Well, no, let's not do that. We are firmly on the record against installing a banana-republic fascist militocracy in America, even if we think it would be awfully fun to see the look on the Diminutive Dean's face. But 600,000+ jobs in a two months is heck-a-slammin', as Prince so eloquently put it in You Got the Look, and even the supremely objective media will have a little difficulty keeping a straight face as they report, "This just in: We're all doomed. Doomed."

We figure the number will be 125-150,000. Indicating a strong economy with the normal sort of job-creation during an expansion. Not a huge number for a single month, but then, hiring needs to catch its breath again after the March hiccup. Another spike might come in May or June.

We think we'll be very well satisfied with anything like 200,00 jobs. That would produce a two-month average of 250,000 jobs, which is "solid job growth." We have it on good authority that 236,000 jobs per month during an expansion consitutes such solid job growth:

For perspective, it helps to remember what solid job growth looks like. During Bill Clinton's eight years in office, the economy added 236,000 jobs per month. But that's just an average: a graph of monthly changes looks like an electrocardiogram.

Actually, we have it on good authority that just 200,000 jobs per month would be "serious job growth," as defined here:

unless we start to see serious job growth β€” by which I mean increases in payroll employment of more than 200,000 a month β€” consumer spending will eventually slide, and bring growth down with it.

Says who? Says Clinton-loving Princeton Pixie Paul Krugman, that's sez who.

Now, that was Clinton's average over eight full years, but then, he began with a growing economy and didn't put the economy into recession until Bush's term.

If the Bush Boom manages to match the good professor's previously-defined bars for "serious" and "solid" growth creation, we have this crazy idea that Krugman will paint it as "disappointing" or even "disastrous" news.

No word, yet, on when the Democrats will begin revising their "2.3 million jobs lost" rhetoric. In fact, the last time we'd heard, they'd actually upped it to 2.6 million, despite the fact that we've been gaining jobs, not losing them, for seven months.

At some point our supremely objective press corps will, no doubt, begin to correct them.

But Aren't We Now Spinning Expectations, Downwards? Yeah, there's some of that going on here. But the media is ready to define 308,000 jobs in a month as the floor for basic, ordinary success, when it clearly is not. 308,000 jobs in a month is a smashing success, something Paul Krugman spins as "nothing special," and yet Bill Clinton only managed this "nothing special" little trick 21% of the time during his "miracle economy."

It would seem rather unfair to demand Bush achieve with 100% consistency what Bill Clinton managed just over one time out of five. We know the media has different standards for Democrats, but even they must comprehend that their ability to impose differing standards is somewhat limited when simple, irrefutable math is involved.

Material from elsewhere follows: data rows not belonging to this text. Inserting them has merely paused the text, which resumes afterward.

(* Let $n$ be an even integer and $m$ an integer with $\frac n4<m<\frac n3$. Let $x\in\{0,1\}^n$ and let $\ell=|\{j\in[1..2m+2]\mid x_j=1\}|$ be the number of ones among the first $2m+2$ positions of $x$, and suppose $1\le\ell\le 2m+1$. Then for any unary unbiased variation operator $V$, $\Pr[\mathrm{LO}(V(x))\ge 2m+2]\le\frac2n$.
   Context: $\mathrm{LO}(x)=\sum_{r=1}^n\prod_{s=1}^r x_s$ is the number of leading ones of $x\in\{0,1\}^n$. A unary unbiased variation operator $V$ assigns to each $x\in\{0,1\}^n$ a probability distribution $V(x)$ on $\{0,1\}^n$ such that for all $x,y,z$, $\Pr[y=V(x)]=\Pr[y\oplus z=V(x\oplus z)]$, and for all permutations $\sigma$ of $[1..n]$, $\Pr[y=V(x)]=\Pr[\sigma(y)=V(\sigma(x))]$, where $\sigma(x)=(x_{\sigma(1)},\dots,x_{\sigma(n)})$. *)

theory Defs
  imports "HOL-Probability.Probability"
begin

text \<open>Bit strings x in {0,1}^n are lists of booleans of length n; position i (1-based)
  of the paper is list index i-1.\<close>

definition LO :: "bool list \<Rightarrow> nat" where
  "LO x = (\<Sum>r = 1..length x. \<Prod>s = 1..r. (if x ! (s - 1) then 1 else 0))"

definition bxor :: "bool list \<Rightarrow> bool list \<Rightarrow> bool list" where
  "bxor x z = map2 (\<lambda>a b. a \<noteq> b) x z"

definition bperm :: "(nat \<Rightarrow> nat) \<Rightarrow> bool list \<Rightarrow> bool list" where
  "bperm \<sigma> x = map (\<lambda>i. x ! \<sigma> i) [0..<length x]"

definition unary_unbiased :: "nat \<Rightarrow> (bool list \<Rightarrow> bool list pmf) \<Rightarrow> bool" where
  "unary_unbiased n V \<longleftrightarrow>
     (\<forall>x. length x = n \<longrightarrow> set_pmf (V x) \<subseteq> {y. length y = n}) \<and>
     (\<forall>x y z. length x = n \<longrightarrow> length y = n \<longrightarrow> length z = n \<longrightarrow>
        pmf (V x) y = pmf (V (bxor x z)) (bxor y z)) \<and>
     (\<forall>x y \<sigma>. length x = n \<longrightarrow> length y = n \<longrightarrow> \<sigma> permutes {0..<n} \<longrightarrow>
        pmf (V x) y = pmf (V (bperm \<sigma> x)) (bperm \<sigma> y))"

end

theory Submission
  imports Defs "HOL-Combinatorics.Permutations"
begin

text \<open>If \<open>LO y \<ge> k\<close> then \<open>y\<close> lies in the set \<open>T\<close> of strings whose first \<open>k = 2m+2\<close> bits
  are ones. Let \<open>P\<^sub>1\<close> and \<open>P\<^sub>0\<close> be the positions below \<open>k\<close> where \<open>x\<close> has a one resp. a zero.
  For \<open>p \<in> P\<^sub>1\<close> and \<open>q \<in> P\<^sub>0\<close>, swapping positions \<open>p, q\<close> and flipping both is an automorphism
  of the hypercube fixing \<open>x\<close>, so it preserves the distribution of \<open>V x\<close>. It maps \<open>T\<close>
  onto the strings whose first \<open>k\<close> bits are ones except exactly at \<open>p\<close> and \<open>q\<close>; these images
  are disjoint, hence \<open>|P\<^sub>1| |P\<^sub>0| Pr[V x \<in> T] \<le> 1\<close>. Finally
  \<open>|P\<^sub>1| |P\<^sub>0| \<ge> |P\<^sub>1| + |P\<^sub>0| - 1 = 2m+1 \<ge> n/2\<close>.\<close>

lemma length_bxor [simp]: "length (bxor a b) = min (length a) (length b)"
  by (simp add: bxor_def)

lemma nth_bxor [simp]: "i < length a \<Longrightarrow> i < length b \<Longrightarrow> bxor a b ! i = (a ! i \<noteq> b ! i)"
  by (simp add: bxor_def)

lemma length_bperm [simp]: "length (bperm \<sigma> a) = length a"
  by (simp add: bperm_def)

lemma nth_bperm [simp]: "i < length a \<Longrightarrow> bperm \<sigma> a ! i = a ! \<sigma> i"
  by (simp add: bperm_def)

lemma bxor_bxor_cancel: "length u = length x \<Longrightarrow> bxor u (bxor u x) = x"
  by (rule nth_equalityI) auto

lemma LO_le_first_zero:
  assumes "i < length y" "\<not> y ! i"
  shows "LO y \<le> i"
proof -
  let ?f = "\<lambda>r. \<Prod>s = 1..r. (if y ! (s - 1) then 1 else 0::nat)"
  have "LO y = sum ?f {1..i + (length y - i)}"
    unfolding LO_def using assms by simp
  also have "\<dots> = sum ?f {1..i} + sum ?f {i + 1..i + (length y - i)}"
    by (rule sum.ub_add_nat) simp
  also have "sum ?f {i + 1..i + (length y - i)} = 0"
    using assms by (intro sum.neutral ballI prod_zero bexI[of _ "i + 1"]) auto
  also have "sum ?f {1..i} \<le> sum (\<lambda>_. 1) {1..i}"
    by (intro sum_mono prod_le_1) auto
  finally show ?thesis by simp
qed

text \<open>The map \<open>y \<mapsto> \<sigma>(y) \<oplus> \<sigma>(x) \<oplus> x\<close> is a hypercube automorphism sending \<open>x\<close> to itself.\<close>

lemma pmf_unary_unbiased_automorphism:
  assumes "unary_unbiased n V" "length x = n" "length y = n" "\<sigma> permutes {0..<n}"
  shows "pmf (V x) (bxor (bperm \<sigma> y) (bxor (bperm \<sigma> x) x)) = pmf (V x) y"
proof -
  let ?z = "bxor (bperm \<sigma> x) x"
  have "pmf (V x) y = pmf (V (bperm \<sigma> x)) (bperm \<sigma> y)"
    using assms unfolding unary_unbiased_def by blast
  also have "\<dots> = pmf (V (bxor (bperm \<sigma> x) ?z)) (bxor (bperm \<sigma> y) ?z)"
    using assms unfolding unary_unbiased_def by (metis length_bperm length_bxor min.idem)
  also have "bxor (bperm \<sigma> x) ?z = x"
    by (rule bxor_bxor_cancel) simp
  finally show ?thesis ..
qed

definition swap_flip :: "nat \<Rightarrow> nat \<Rightarrow> bool list \<Rightarrow> bool list" where
  "swap_flip p q y = y[p := \<not> y ! q, q := \<not> y ! p]"

lemma length_swap_flip [simp]: "length (swap_flip p q y) = length y"
  by (simp add: swap_flip_def)

lemma nth_swap_flip:
  "i < length y \<Longrightarrow> p < length y \<Longrightarrow>
     swap_flip p q y ! i = (if i = q then \<not> y ! p else if i = p then \<not> y ! q else y ! i)"
  by (simp add: swap_flip_def nth_list_update)

lemma swap_flip_swap_flip:
  assumes "p \<noteq> q" "p < length y" "q < length y"
  shows "swap_flip p q (swap_flip p q y) = y"
  by (rule nth_equalityI) (use assms in \<open>auto simp: nth_swap_flip\<close>)

lemma swap_flip_eq_automorphism:
  assumes "length y = length x" "p < length x" "q < length x" "x ! p \<noteq> x ! q"
  shows "swap_flip p q y =
    bxor (bperm (Transposition.transpose p q) y) (bxor (bperm (Transposition.transpose p q) x) x)"
proof (rule nth_equalityI)
  fix i assume "i < length (swap_flip p q y)"
  with assms show "swap_flip p q y ! i =
      bxor (bperm (Transposition.transpose p q) y) (bxor (bperm (Transposition.transpose p q) x) x) ! i"
    by (auto simp: nth_swap_flip Transposition.transpose_def)
qed (use assms in simp)

lemma pmf_unary_unbiased_swap_flip:
  assumes "unary_unbiased n V" "length x = n" "length y = n"
    and "p < n" "q < n" "x ! p \<noteq> x ! q"
  shows "pmf (V x) (swap_flip p q y) = pmf (V x) y"
  using assms swap_flip_eq_automorphism[of y x p q]
    pmf_unary_unbiased_automorphism[OF assms(1-3) permutes_swap_id[of p "{0..<n}" q]]
  by simp

definition ones_prefix :: "nat \<Rightarrow> nat \<Rightarrow> bool list set" where
  "ones_prefix n k = {y. length y = n \<and> (\<forall>i<k. y ! i)}"

lemma finite_ones_prefix: "finite (ones_prefix n k)"
  unfolding ones_prefix_def
  by (rule finite_subset[OF _ finite_lists_length_eq[of "UNIV :: bool set" n]]) auto

lemma LO_ge_in_ones_prefix:
  assumes "length y = n" "k \<le> n" "k \<le> LO y"
  shows "y \<in> ones_prefix n k"
proof -
  have "y ! i" if "i < k" for i
    using that assms LO_le_first_zero[of i y] by (cases "y ! i") auto
  with assms(1) show ?thesis
    unfolding ones_prefix_def by simp
qed

lemma nth_swap_flip_ones_prefix:
  assumes "y \<in> ones_prefix n k" "k \<le> n" "p < k" "q < k" "p \<noteq> q" "i < k"
  shows "swap_flip p q y ! i = (i \<noteq> p \<and> i \<noteq> q)"
  using assms by (auto simp: ones_prefix_def nth_swap_flip)

lemma swap_flip_ones_prefix_inj_pair:
  assumes "y \<in> ones_prefix n k" "y' \<in> ones_prefix n k" "k \<le> n"
    and "p < k" "q < k" "p' < k" "q' < k" "p \<noteq> q" "p' \<noteq> q'"
    and "swap_flip p q y = swap_flip p' q' y'"
  shows "{p, q} = {p', q'}"
proof -
  have "i \<in> {p, q} \<longleftrightarrow> i \<in> {p', q'}" if "i < k" for i
    using nth_swap_flip_ones_prefix[OF assms(1,3), of p q i]
      nth_swap_flip_ones_prefix[OF assms(2,3), of p' q' i] assms that by auto
  with assms(4-7) show ?thesis by blast
qed

lemma disjoint_swap_flip_images:
  assumes "k \<le> n" "A \<subseteq> {..<k}" "B \<subseteq> {..<k}" "A \<inter> B = {}"
  shows "disjoint_family_on (\<lambda>(p, q). swap_flip p q ` ones_prefix n k) (A \<times> B)"
proof -
  have "(p, q) = (p', q')"
    if "p \<in> A" "q \<in> B" "p' \<in> A" "q' \<in> B"
      and "y \<in> ones_prefix n k" "y' \<in> ones_prefix n k" "swap_flip p q y = swap_flip p' q' y'"
    for p q p' q' y y'
  proof -
    have "{p, q} = {p', q'}"
      using that assms by (intro swap_flip_ones_prefix_inj_pair[of y n k y']) auto
    with that assms(4) show ?thesis by (auto simp: doubleton_eq_iff)
  qed
  then show ?thesis
    unfolding disjoint_family_on_def by fastforce
qed

lemma card_mult_prob_le_1:
  fixes M :: "'a pmf" and f :: "'j \<Rightarrow> 'a \<Rightarrow> 'a"
  assumes "finite J" "finite T"
    and inj: "\<And>j. j \<in> J \<Longrightarrow> inj_on (f j) T"
    and pmf_eq: "\<And>j y. j \<in> J \<Longrightarrow> y \<in> T \<Longrightarrow> pmf M (f j y) = pmf M y"
    and disj: "disjoint_family_on (\<lambda>j. f j ` T) J"
  shows "real (card J) * measure_pmf.prob M T \<le> 1"
proof -
  have image: "measure_pmf.prob M (f j ` T) = measure_pmf.prob M T" if "j \<in> J" for j
  proof -
    have "measure_pmf.prob M (f j ` T) = (\<Sum>y\<in>T. pmf M (f j y))"
      using assms(2) by (simp add: measure_measure_pmf_finite sum.reindex[OF inj[OF that]])
    also have "\<dots> = measure_pmf.prob M T"
      using assms(2) pmf_eq[OF that] by (simp add: measure_measure_pmf_finite)
    finally show ?thesis .
  qed
  have "real (card J) * measure_pmf.prob M T = (\<Sum>j\<in>J. measure_pmf.prob M (f j ` T))"
    using image by simp
  also have "\<dots> = measure_pmf.prob M (\<Union>j\<in>J. f j ` T)"
    using assms(1) disj by (simp add: measure_pmf.finite_measure_finite_Union)
  also have "\<dots> \<le> 1"
    by (rule measure_pmf.prob_le_1)
  finally show ?thesis .
qed

lemma prob_LO_ge_le_ones_prefix:
  assumes "set_pmf M \<subseteq> {y. length y = n}" "k \<le> n"
  shows "measure_pmf.prob M {y. k \<le> LO y} \<le> measure_pmf.prob M (ones_prefix n k)"
proof -
  have "measure_pmf.prob M {y. k \<le> LO y} = measure_pmf.prob M ({y. k \<le> LO y} \<inter> set_pmf M)"
    by (simp add: measure_Int_set_pmf)
  also have "\<dots> \<le> measure_pmf.prob M (ones_prefix n k)"
    using assms LO_ge_in_ones_prefix by (intro measure_pmf.finite_measure_mono) auto
  finally show ?thesis .
qed

lemma card_ones_mult_card_zeros_ge:
  assumes "1 \<le> card {i. i < k \<and> x ! i}" "card {i. i < k \<and> x ! i} < k"
  shows "k \<le> card {i. i < k \<and> x ! i} * card {i. i < k \<and> \<not> x ! i} + 1"
proof -
  let ?A = "{i. i < k \<and> x ! i}" and ?B = "{i. i < k \<and> \<not> x ! i}"
  have "?A \<union> ?B = {..<k}" "?A \<inter> ?B = {}"
    by auto
  then have k: "card ?A + card ?B = k"
    by (metis card_Un_disjoint card_lessThan finite_Un finite_lessThan)
  obtain a where a: "card ?A = Suc a"
    using assms(1) by (cases "card ?A") auto
  obtain b where "card ?B = Suc b"
    using k assms(2) by (cases "card ?B") auto
  with a k show ?thesis by simp
qed

lemma card_mult_prob_ones_prefix_le_1:
  assumes "unary_unbiased n V" "length x = n" "k \<le> n"
  shows "real (card {i. i < k \<and> x ! i} * card {i. i < k \<and> \<not> x ! i})
           * measure_pmf.prob (V x) (ones_prefix n k) \<le> 1"
proof -
  let ?A = "{i. i < k \<and> x ! i}" and ?B = "{i. i < k \<and> \<not> x ! i}"
  have "real (card (?A \<times> ?B)) * measure_pmf.prob (V x) (ones_prefix n k) \<le> 1"
  proof (rule card_mult_prob_le_1[where f = "\<lambda>(p, q). swap_flip p q"])
    show "inj_on ((\<lambda>(p, q). swap_flip p q) pq) (ones_prefix n k)" if "pq \<in> ?A \<times> ?B" for pq
      using that assms(3) unfolding ones_prefix_def
      by (intro inj_on_inverseI[where g = "(\<lambda>(p, q). swap_flip p q) pq"])
        (auto intro: swap_flip_swap_flip)
    show "pmf (V x) ((\<lambda>(p, q). swap_flip p q) pq y) = pmf (V x) y"
      if "pq \<in> ?A \<times> ?B" "y \<in> ones_prefix n k" for pq y
      using that assms unfolding ones_prefix_def
      by (auto intro: pmf_unary_unbiased_swap_flip)
    show "disjoint_family_on (\<lambda>pq. (\<lambda>(p, q). swap_flip p q) pq ` ones_prefix n k) (?A \<times> ?B)"
      using disjoint_swap_flip_images[OF assms(3), of ?A ?B] by (auto simp: case_prod_unfold)
  qed (simp_all add: finite_ones_prefix)
  then show ?thesis
    by (simp add: card_cartesian_product)
qed

theorem lemma14:
  fixes n m :: nat and x :: "bool list" and V :: "bool list \<Rightarrow> bool list pmf"
  assumes "even n"
    and "real n / 4 < real m" and "real m < real n / 3"
    and "length x = n"
    and "1 \<le> card {j \<in> {1..2*m+2}. x ! (j - 1)}"
    and "card {j \<in> {1..2*m+2}. x ! (j - 1)} \<le> 2*m+1"
    and "unary_unbiased n V"
  shows "measure_pmf.prob (V x) {y. LO y \<ge> 2*m+2} \<le> 2 / real n"
proof -
  define k where "k = 2*m+2"
  define c where "c = card {i. i < k \<and> x ! i} * card {i. i < k \<and> \<not> x ! i}"
  let ?P = "measure_pmf.prob (V x) (ones_prefix n k)"
  have "n < 4*m" "3*m < n"
    using assms(2,3) by linarith+
  then have "k \<le> n"
    unfolding k_def by linarith
  have "bij_betw Suc {i. i < k \<and> x ! i} {j \<in> {1..k}. x ! (j - 1)}"
    by (rule bij_betw_byWitness[where f' = "\<lambda>j. j - 1"]) auto
  then have "card {i. i < k \<and> x ! i} = card {j \<in> {1..k}. x ! (j - 1)}"
    by (rule bij_betw_same_card)
  with assms(5,6) have "1 \<le> card {i. i < k \<and> x ! i}" "card {i. i < k \<and> x ! i} < k"
    unfolding k_def by simp_all
  then have "k \<le> c + 1"
    unfolding c_def by (rule card_ones_mult_card_zeros_ge)
  \<comment> \<open>Only \<open>n < 4m\<close> enters here.\<close>
  with \<open>n < 4*m\<close> have "real n / 2 * ?P \<le> real c * ?P"
    unfolding k_def by (intro mult_right_mono) simp_all
  also have "\<dots> \<le> 1"
    using card_mult_prob_ones_prefix_le_1[OF assms(7,4) \<open>k \<le> n\<close>] unfolding c_def .
  finally have "?P \<le> 2 / real n"
    using \<open>3*m < n\<close> by (simp add: field_simps)
  moreover have "set_pmf (V x) \<subseteq> {y. length y = n}"
    using assms(4,7) unfolding unary_unbiased_def by blast
  ultimately show ?thesis
    using prob_LO_ge_le_ones_prefix[of "V x" n k] \<open>k \<le> n\<close> unfolding k_def by simp
qed

end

With the threat of terrorism still very real, it's harder to get businesses to commit to hiring than it is to get to second base with an Up With People! background dancer.

And Bush's poll numbers sort-of indicate that there probably isn't yet mad-hiring going on. The public doesn't need the media to tell it the economy is dramatically improving (although it helps; and we can't count of them eagerly putting out the message as they did for Bill Clinton in 1996). If a lot of people are being hired, one would think that Bush's poll numbers, especially on the economy and right track/wrong track, would be trending up. They're not.

On the plus side, the surging tax revenues might actually indicate some real jobs-growth. Or it might just indicate that a lot of highly-paid people are suddenly being paid a lot more and are getting massively caught by the Alternate Minimum Tax.